But instead the halls were filled with talk about the news that Pivotal Software made when it open sourced the components of its big data suite (which we predicted and is unquestionably good news for everyone) and announced the Open Data Platform (ODP), an initiative that brings together GE, Hortonworks, IBM, Infosys, Pivotal, SAS, AltiScale, Capgemini, CenturyLink, EMC, Splunk, Verizon Enterprise Solutions, Teradata, and VMware (and is open to other companies that want to join).

ODP’s stated goal is to create “a tested reference core of Apache Hadoop, Apache Ambari and related Apache source artifacts” in order to help users get started with Hadoop.

It’s the latter announcement that has caused all of the flack, which quite frankly began just as the news was being announced. Why? Partly because two of the three primary Hadoop providers (each of which was invited) want nothing to do with the ODP.

Battle Lines Forming

One of the providers, MapR, took the high road and emailed us a comment that simply stated, “We decided not to join.” They also made note of the fact that the Apache Software Foundation (ASF), where Hadoop was built and continues to grow, already had an ODP-like project called Apache Bigtop. (More on this is the next article.)

It’s worth noting here that the Apache Software Foundation is the hallowed ground where the core of Hadoop and the ancillary components of many Hadoop distros were developed by individual contributors versus corporations. It is the lifeblood of the big data community where it is revered and respected. However, it should be said that most of Apache Hadoop contributors were, and are, on somebody’s payroll when they wrote the code.

Mike Olson, the cofounder and Chief Strategy Officer of Cloudera, the other Hadoop distro provider, reacted to the ODP news with a blog on his company’s site:

The Pivotal and Hortonworks (the latter is the Hadoop distro provider that did join) alliance, notwithstanding the marketing, is antithetical to the open source model and the Apache way.

While the ASF is open to vendors, the ODP isn’t actually open at all. As a vendor-driven consortium, membership is only for enterprises with serious money -- it ought to be called the 'Only Dollars Play' alliance.”

And to be fair, at least some of the companies who have joined ODP, according to our sources, have paid six figures to join. It’s a lot of money, but probably not more than the salaries of a few Hadoop developers salaries added together. Cloudera, for its part, said that it is taking the money it would have spent to join ODP and is contributing it to the ASF.

That being said, the ODP and ASF aren’t necessarily at odds with each other.

Enough Hadoop Love to Go Around

What Olson doesn’t say in his blog post is that ODP will sit a layer above the Apache projects and that there is no reason to believe that the individuals who contribute code to Hadoop and the projects which surround it will stop doing so.

In fact Hortonworks, the Hadoop distro provider which has signed on to ODP, writes almost all of its code within the Apache Foundation, is not in the business of selling software, and its business model is wholly reliant on providing services and expertise around Hadoop’s core and its ancillary components.
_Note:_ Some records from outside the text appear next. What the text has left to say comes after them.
(* Let $\Delta\vdash s$ and $\Delta\vdash t$ be closed nominal terms-in-context such that $\Delta\vdash s\approx_\alpha t$. Then $\mathcal{T}(\Delta,s)=\mathcal{T}(\Delta,t)$ (as CRS meta-terms modulo renaming of bound variables).
   Context: Nominal terms over signature $\Sigma$, atoms $\mathcal{A}$, variables $\mathcal{X}$: $s,t ::= a \mid \pi\cdot X \mid [a]s \mid f\,s \mid (s_1,\ldots,s_n)$, with $\pi$ finite-support permutations of atoms (lists of swappings) acting on terms by swapping atom names everywhere (including abstracted ones) and composing with suspended permutations. A freshness context $\Delta$ is a set of constraints $a\#X$. Freshness: $a\#b$; $a\#\pi\cdot X$ if $\pi^{-1}(a)\#X\in\Delta$; $a\#[a]s$; $a\#[b]s$ if $a\#s$; componentwise for function applications and tuples. $\alpha$-equivalence: $a\approx_\alpha a$; $\pi\cdot X\approx_\alpha\pi'\cdot X$ if $a\#X\in\Delta$ for all $a$ with $\pi(a)\neq\pi'(a)$; $[a]s\approx_\alpha[a]t$ if $s\approx_\alpha t$; $[a]s\approx_\alpha[b]t$ if $(b\ a)\cdot s\approx_\alpha t$ and $b\#s$; congruence for function application and tuples. A term-in-context $\Delta\vdash t$ is closed if: (1) every atom occurrence $a$ in $t$ is under an abstraction $[a]$; (2) if $\pi\cdot X$ is in the scope of an abstraction of $\pi(a)$ then every occurrence $\pi'\cdot X$ is in the scope of an abstraction of $\pi'(a)$, or $a\#X\in\Delta$; (3) for two occurrences $\pi_1\cdot X,\pi_2\cdot X$ and $a$ with $\pi_1(a)\neq\pi_2(a)$, if $a$ is not abstracted in one of the occurrences then $a\#X\in\Delta$. CRS meta-terms: $a\mid Z(t_1,\dots,t_n)\mid[a]t\mid f\,t\mid(t_1,\dots,t_n)$ with meta-variables $Z$, modulo renaming of bound variables. Translation: $\Lambda_t(X)$ is the set of atoms $a$ such that some occurrence of $X$ in $t$ is in the scope of $[a]$. With a fixed total order on atoms, $\mathcal{T}(\Delta,t)$ is obtained from $t$ by replacing each occurrence $\pi\cdot X$ by the meta-application $X(\pi\cdot xs)$, where $xs$ is the ascending list of $\{\pi^{-1}(a)\mid a\in\Lambda_t(X)\}\setminus\{a\mid a\#X\in\Delta\}$ and $\pi\cdot xs$ applies $\pi$ elementwise (no arguments if empty), leaving atoms, abstractions, function applications and tuples unchanged. *)

theory Defs
  imports Main
begin
theorem lemma4:
  "\<exists>C::real. \<forall>(P::'w measure) (M::nat) (N::nat) (g::nat \<Rightarrow> nat \<Rightarrow> real)
       (W::nat \<Rightarrow> nat \<Rightarrow> 'w \<Rightarrow> real) (d::nat \<Rightarrow> nat \<Rightarrow> 'w \<Rightarrow> real) (\<sigma>::real).
     prob_space P \<and> 0 < M \<and> 2 * M < N
     \<and> (\<forall>i j. i < M \<and> j < M \<longrightarrow> 0 \<le> g i j \<and> g i j \<le> 255)
     \<and> (\<forall>k1 k2. k1 < N \<and> k2 < N \<longrightarrow>
           W k1 k2 \<in> borel_measurable P \<and> integrable P (W k1 k2)
           \<and> prob_space.expectation P (W k1 k2) = 0
           \<and> distr P borel (W k1 k2) = distr P borel (\<lambda>\<omega>. - W k1 k2 \<omega>)
           \<and> distributed P lborel (d k1 k2) (\<lambda>x. ennreal (normal_density 0 \<sigma> x)))
     \<and> 0 < \<sigma>
     \<and> prob_space.indep_vars P (\<lambda>_. borel)
          (\<lambda>i. case i of Inl (k1, k2) \<Rightarrow> W k1 k2 | Inr (k1, k2) \<Rightarrow> d k1 k2)
          (({0..<N} \<times> {0..<N}) <+> ({0..<N} \<times> {0..<N}))
     \<longrightarrow> (1 / (real N)\<^sup>2) *
           (\<Sum>k1<N. \<Sum>k2<N. cvariance P (\<lambda>\<omega>. Pop N M (XR N M g W d \<omega>) k1 k2))
         \<le> C * (real M)\<^sup>2 / (real N)\<^sup>2"
proof (intro exI[where x = "2 * 255\<^sup>2"] allI impI, elim conjE)
  fix P :: "'w measure" and M N :: nat and g :: "nat \<Rightarrow> nat \<Rightarrow> real"
    and W d :: "nat \<Rightarrow> nat \<Rightarrow> 'w \<Rightarrow> real" and \<sigma> :: real
  assume P: "prob_space P"
    and noise: "\<forall>k1 k2. k1 < N \<and> k2 < N \<longrightarrow>
           W k1 k2 \<in> borel_measurable P \<and> integrable P (W k1 k2)
           \<and> prob_space.expectation P (W k1 k2) = 0
           \<and> distr P borel (W k1 k2) = distr P borel (\<lambda>\<omega>. - W k1 k2 \<omega>)
           \<and> distributed P lborel (d k1 k2) (\<lambda>x. ennreal (normal_density 0 \<sigma> x))"
  define Z where "Z k = (\<lambda>\<omega>. Pop N M (XR N M g W d \<omega>) (fst k) (snd k))" for k
  have "(\<lambda>\<omega>. XR N M g W d \<omega> k1 k2) \<in> borel_measurable P" if "k1 < N" "k2 < N" for k1 k2
    using noise that distributed_measurable[of P lborel "d k1 k2"]
    by (intro borel_measurable_XR) auto
  then have measurable: "Z k \<in> borel_measurable P" for k
    unfolding Z_def by (intro borel_measurable_Pop)
  have energy: "(\<Sum>k\<in>{..<N} \<times> {..<N}. (cmod (Z k \<omega>))\<^sup>2) \<le> 2 * 255\<^sup>2 * (real M)\<^sup>2" for \<omega>
    using sum_cmod_square_Pop[of N M "XR N M g W d \<omega>"]
    by (simp add: Z_def sum.cartesian_product case_prod_beta)
  have "(\<Sum>k1<N. \<Sum>k2<N. cvariance P (\<lambda>\<omega>. Pop N M (XR N M g W d \<omega>) k1 k2))
      = (\<Sum>k\<in>{..<N} \<times> {..<N}. cvariance P (Z k))"
    by (simp add: Z_def sum.cartesian_product case_prod_beta)
  also have "\<dots> \<le> 2 * 255\<^sup>2 * (real M)\<^sup>2"
    by (rule sum_cvariance_le[OF P _ measurable energy]) simp
  finally show "(1 / (real N)\<^sup>2) *
           (\<Sum>k1<N. \<Sum>k2<N. cvariance P (\<lambda>\<omega>. Pop N M (XR N M g W d \<omega>) k1 k2))
         \<le> 2 * 255\<^sup>2 * (real M)\<^sup>2 / (real N)\<^sup>2"
    by (simp add: divide_right_mono)
qed
end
Its pitch to enterprises that use, or want to use Hadoop, is pretty simple -- “We can support you better than anyone else because we wrote the code.”

MapR is a software company, plain and simple. That’s what it sells. Support and services are a small part of its revenue model, according to Jack Norris, its Chief Marketing Officer. It and Hortonworks earn their proceeds in almost exactly opposite ways.

And Cloudera is a mix of the two. Its model worked much the way as Hortonworks does until they decided that it was “unsustainable." Here’s part of what Amr Awadallah, CTO and co-founder of Cloudera told CBRonline about Hortonworks last September:

They don't have a defensible business model. They're not doing okay now. And while they might be gaining customers and revenues, to create a healthy business you have to always contrast the revenue to how much is the cost of getting that revenue."

It’s also interesting that while Cloudera’s Olson was championing the “Apache open source way," earlier this week, his CTO bragged about the company’s proprietary software in the CBRonline interview.

"We have proprietary software that's only unique to us, Cloudera Manager and Cloudera Navigator. Hortonworks doesn't have anything like that software, which is a big disadvantage," said Awadallah.

So suffice it to say that Cloudera’s waving of the open source flag is a bit confusing.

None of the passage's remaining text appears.